PROBLEM REQUIREMENTS -> The entries are to be given again in full. Every word must match.

EXERCISE DATA ->
text \<open>Arcs count every edge twice, so this says that a forest on s vertices has at most
  s - 1 edges.\<close>
lemma card_arcs_acyclic:
  assumes "finite S" "symp E" "irreflp E" "\<nexists>cs. is_cycle S E cs"
  shows "card (arcs S S E) \<le> 2 * card S - 2"
  using assms(1,4)
proof (induction S rule: finite_remove_induct)
  case empty
  then show ?case by (simp add: arcs_def)
next
  case (remove A)
  obtain v where v: "v \<in> A"
    and leaf: "\<not> (\<exists>u w. u \<in> A \<and> w \<in> A \<and> u \<noteq> w \<and> E v u \<and> E v w)"
    using ex_cycle_if_two_neighbours[OF remove(1,2) assms(2,3)] remove(5) by blast
  then obtain u where u: "\<forall>y\<in>A. E v y \<longrightarrow> y = u" by blast
  then have u': "\<forall>y\<in>A. E y v \<longrightarrow> y = u" using sympD[OF assms(2)] by blast
  let ?A' = "A - {v}"
  have IH: "card (arcs ?A' ?A' E) \<le> 2 * card ?A' - 2"
    using remove.IH[OF v] remove(5) is_cycle_mono[of ?A' E _ A] by blast
  have "arcs A A E \<subseteq> insert (v, u) (insert (u, v) (arcs ?A' ?A' E))"
    using u u' by (auto simp: arcs_def)
  then have "card (arcs A A E) \<le> card (insert (v, u) (insert (u, v) (arcs ?A' ?A' E)))"
    by (rule card_mono[rotated]) (simp add: remove(1))
  also have "\<dots> \<le> card (arcs ?A' ?A' E) + 2"
    by (intro card_insert_le_m1) (simp_all add: card_insert_le_m1)
  finally have step: "card (arcs A A E) \<le> card (arcs ?A' ?A' E) + 2" .
  show ?case
  proof (cases "A = {v}")
    case True
    then have "arcs A A E = {}" using irreflpD[OF assms(3)] by (auto simp: arcs_def)
    then show ?thesis by simp
  next
    case False
    then have "?A' \<noteq> {}" using v by blast
    then have "card ?A' \<ge> 1" using remove(1) by (simp add: Suc_le_eq card_gt_0_iff)
    moreover have "card A = card ?A' + 1" using card_Suc_Diff1[OF remove(1) v] by simp
    ultimately show ?thesis using step IH by linarith
  qed
qed

lemma forest_number_eqI:
  assumes "finite V" "\<And>S. induces_forest V E S \<Longrightarrow> card S \<le> k"
    and "induces_forest V E S\<^sub>0" "card S\<^sub>0 = k"
  shows "forest_number V E = k"
  unfolding forest_number_def
proof (rule Max_eqI)
  have "{S. induces_forest V E S} \<subseteq> Pow V" by (auto simp: induces_forest_def)
  then have "finite {S. induces_forest V E S}"
    by (rule finite_subset) (simp add: assms(1))
  then show "finite (card ` {S. induces_forest V E S})" by simp
next
  show "\<And>x. x \<in> card ` {S. induces_forest V E S} \<Longrightarrow> x \<le> k" using assms(2) by blast
  show "k \<in> card ` {S. induces_forest V E S}" using assms(3,4) by blast
qed

lemma degree_ge_min_degree: "finite V \<Longrightarrow> v \<in> V \<Longrightarrow> min_degree V E \<le> degree V E v"
  unfolding min_degree_def by simp

lemma balanced_bipartite_commute:
  "balanced_bipartite n V1 V2 E \<Longrightarrow> balanced_bipartite n V2 V1 E"
  unfolding balanced_bipartite_def by (auto simp: Un_commute Int_commute)

lemma card_arcs_min_degree:
  assumes bb: "balanced_bipartite n V1 V2 E"
    and deg: "\<forall>x\<in>V1. n + 2 \<le> 2 * degree (V1 \<union> V2) E x"
    and A: "A \<subseteq> V1" and B: "B \<subseteq> V2"
  shows "card A * (n + 2) \<le> 2 * card (arcs A B E) + 2 * card A * (n - card B)"
proof -
  have fin: "finite V1" "finite V2" and disj: "V1 \<inter> V2 = {}" and n: "card V2 = n"
    and bip: "\<forall>x y. E x y \<longrightarrow> (x \<in> V1 \<and> y \<in> V2) \<or> (x \<in> V2 \<and> y \<in> V1)"
    using bb by (auto simp: balanced_bipartite_def simple_graph_def)
  have finAB: "finite A" "finite B" using A B fin finite_subset by auto
  have "n + 2 \<le> 2 * card {y \<in> B. E x y} + 2 * (n - card B)" if x: "x \<in> A" for x
  proof -
    have "{u \<in> V1 \<union> V2. E x u} \<subseteq> {y \<in> B. E x y} \<union> (V2 - B)"
      using x A bip disj by blast
    then have "degree (V1 \<union> V2) E x \<le> card ({y \<in> B. E x y} \<union> (V2 - B))"
      unfolding degree_def using fin finAB by (intro card_mono) auto
    also have "\<dots> \<le> card {y \<in> B. E x y} + card (V2 - B)" by (rule card_Un_le)
    also have "card (V2 - B) = n - card B" using n B fin by (simp add: card_Diff_subset finite_subset)
    finally show ?thesis using deg x A by fastforce
  qed
  then have "(\<Sum>x\<in>A. n + 2) \<le> (\<Sum>x\<in>A. 2 * card {y \<in> B. E x y} + 2 * (n - card B))"
    by (rule sum_mono)
  then show ?thesis
    using finAB by (simp add: card_arcs_eq_sum sum.distrib sum_distrib_left mult_ac)
qed

lemma degree_count_bound:
  fixes a b n m :: nat
  assumes "n + 2 \<le> a + b" "a \<le> b" "b \<le> n" "a * (n + 2) \<le> 2 * m + 2 * a * (n - b)"
  shows "a + b \<le> m"
proof -
  have count: "int a * (2 * int b - int n + 2) \<le> 2 * int m"
  proof -
    have "int (a * (n + 2)) \<le> int (2 * m + 2 * a * (n - b))"
      using assms(4) by (simp only: of_nat_le_iff)
    then have "int a * (int n + 2) \<le> 2 * int m + 2 * int a * int (n - b)"
      by (simp only: of_nat_add of_nat_mult of_nat_numeral)
    then show ?thesis using assms(3) by (simp add: of_nat_diff algebra_simps)
  qed
  have "int a * (int b - int a + 4) \<le> int a * (2 * int b - int n + 2)"
    by (rule mult_left_mono) (use assms(1) in linarith)+
  moreover have "0 \<le> (int a - 2) * (int b - int a)"
    using assms(1-3) by (intro mult_nonneg_nonneg) linarith+
  moreover have "int a * (int b - int a + 4) = (int a - 2) * (int b - int a) + 2 * (int a + int b)"
    by (simp add: algebra_simps)
  ultimately have "2 * (int a + int b) \<le> 2 * int m"
    using count by linarith
  then show ?thesis by simp
qed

RESULT OF THIS TASK ->
text \<open>Arcs count every edge twice, so this says that a forest on s vertices has at most
  s - 1 edges.\<close>
lemma card_arcs_acyclic:
  assumes "finite S" "symp E" "irreflp E" "\<nexists>cs. is_cycle S E cs"
  shows "card (arcs S S E) \<le> 2 * card S - 2"
  using assms(1,4)
proof (induction S rule: finite_remove_induct)
  case empty
  then show ?case by (simp add: arcs_def)
next
  case (remove A)
  obtain v where v: "v \<in> A"
    and leaf: "\<not> (\<exists>u w. u \<in> A \<and> w \<in> A \<and> u \<noteq> w \<and> E v u \<and> E v w)"
    using ex_cycle_if_two_neighbours[OF remove(1,2) assms(2,3)] remove(5) by blast
  then obtain u where u: "\<forall>y\<in>A. E v y \<longrightarrow> y = u" by blast
  then have u': "\<forall>y\<in>A. E y v \<longrightarrow> y = u" using sympD[OF assms(2)] by blast
  let ?A' = "A - {v}"
  have IH: "card (arcs ?A' ?A' E) \<le> 2 * card ?A' - 2"
    using remove.IH[OF v] remove(5) is_cycle_mono[of ?A' E _ A] by blast
  have "arcs A A E \<subseteq> insert (v, u) (insert (u, v) (arcs ?A' ?A' E))"
    using u u' by (auto simp: arcs_def)
  then have "card (arcs A A E) \<le> card (insert (v, u) (insert (u, v) (arcs ?A' ?A' E)))"
    by (rule card_mono[rotated]) (simp add: remove(1))
  also have "\<dots> \<le> card (arcs ?A' ?A' E) + 2"
    by (intro card_insert_le_m1) (simp_all add: card_insert_le_m1)
  finally have step: "card (arcs A A E) \<le> card (arcs ?A' ?A' E) + 2" .
  show ?case
  proof (cases "A = {v}")
    case True
    then have "arcs A A E = {}" using irreflpD[OF assms(3)] by (auto simp: arcs_def)
    then show ?thesis by simp
  next
    case False
    then have "?A' \<noteq> {}" using v by blast
    then have "card ?A' \<ge> 1" using remove(1) by (simp add: Suc_le_eq card_gt_0_iff)
    moreover have "card A = card ?A' + 1" using card_Suc_Diff1[OF remove(1) v] by simp
    ultimately show ?thesis using step IH by linarith
  qed
qed

lemma forest_number_eqI:
  assumes "finite V" "\<And>S. induces_forest V E S \<Longrightarrow> card S \<le> k"
    and "induces_forest V E S\<^sub>0" "card S\<^sub>0 = k"
  shows "forest_number V E = k"
  unfolding forest_number_def
proof (rule Max_eqI)
  have "{S. induces_forest V E S} \<subseteq> Pow V" by (auto simp: induces_forest_def)
  then have "finite {S. induces_forest V E S}"
    by (rule finite_subset) (simp add: assms(1))
  then show "finite (card ` {S. induces_forest V E S})" by simp
next
  show "\<And>x. x \<in> card ` {S. induces_forest V E S} \<Longrightarrow> x \<le> k" using assms(2) by blast
  show "k \<in> card ` {S. induces_forest V E S}" using assms(3,4) by blast
qed

lemma degree_ge_min_degree: "finite V \<Longrightarrow> v \<in> V \<Longrightarrow> min_degree V E \<le> degree V E v"
  unfolding min_degree_def by simp

lemma balanced_bipartite_commute:
  "balanced_bipartite n V1 V2 E \<Longrightarrow> balanced_bipartite n V2 V1 E"
  unfolding balanced_bipartite_def by (auto simp: Un_commute Int_commute)

lemma card_arcs_min_degree:
  assumes bb: "balanced_bipartite n V1 V2 E"
    and deg: "\<forall>x\<in>V1. n + 2 \<le> 2 * degree (V1 \<union> V2) E x"
    and A: "A \<subseteq> V1" and B: "B \<subseteq> V2"
  shows "card A * (n + 2) \<le> 2 * card (arcs A B E) + 2 * card A * (n - card B)"
proof -
  have fin: "finite V1" "finite V2" and disj: "V1 \<inter> V2 = {}" and n: "card V2 = n"
    and bip: "\<forall>x y. E x y \<longrightarrow> (x \<in> V1 \<and> y \<in> V2) \<or> (x \<in> V2 \<and> y \<in> V1)"
    using bb by (auto simp: balanced_bipartite_def simple_graph_def)
  have finAB: "finite A" "finite B" using A B fin finite_subset by auto
  have "n + 2 \<le> 2 * card {y \<in> B. E x y} + 2 * (n - card B)" if x: "x \<in> A" for x
  proof -
    have "{u \<in> V1 \<union> V2. E x u} \<subseteq> {y \<in> B. E x y} \<union> (V2 - B)"
      using x A bip disj by blast
    then have "degree (V1 \<union> V2) E x \<le> card ({y \<in> B. E x y} \<union> (V2 - B))"
      unfolding degree_def using fin finAB by (intro card_mono) auto
    also have "\<dots> \<le> card {y \<in> B. E x y} + card (V2 - B)" by (rule card_Un_le)
    also have "card (V2 - B) = n - card B" using n B fin by (simp add: card_Diff_subset finite_subset)
    finally show ?thesis using deg x A by fastforce
  qed
  then have "(\<Sum>x\<in>A. n + 2) \<le> (\<Sum>x\<in>A. 2 * card {y \<in> B. E x y} + 2 * (n - card B))"
    by (rule sum_mono)
  then show ?thesis
    using finAB by (simp add: card_arcs_eq_sum sum.distrib sum_distrib_left mult_ac)
qed

lemma degree_count_bound:
  fixes a b n m :: nat
  assumes "n + 2 \<le> a + b" "a \<le> b" "b \<le> n" "a * (n + 2) \<le> 2 * m + 2 * a * (n - b)"
  shows "a + b \<le> m"
proof -
  have count: "int a * (2 * int b - int n + 2) \<le> 2 * int m"
  proof -
    have "int (a * (n + 2)) \<le> int (2 * m + 2 * a * (n - b))"
      using assms(4) by (simp only: of_nat_le_iff)
    then have "int a * (int n + 2) \<le> 2 * int m + 2 * int a * int (n - b)"
      by (simp only: of_nat_add of_nat_mult of_nat_numeral)
    then show ?thesis using assms(3) by (simp add: of_nat_diff algebra_simps)
  qed
  have "int a * (int b - int a + 4) \<le> int a * (2 * int b - int n + 2)"
    by (rule mult_left_mono) (use assms(1) in linarith)+
  moreover have "0 \<le> (int a - 2) * (int b - int a)"
    using assms(1-3) by (intro mult_nonneg_nonneg) linarith+
  moreover have "int a * (int b - int a + 4) = (int a - 2) * (int b - int a) + 2 * (int a + int b)"
    by (simp add: algebra_simps)
  ultimately have "2 * (int a + int b) \<le> 2 * int m"
    using count by linarith
  then show ?thesis by simp
qed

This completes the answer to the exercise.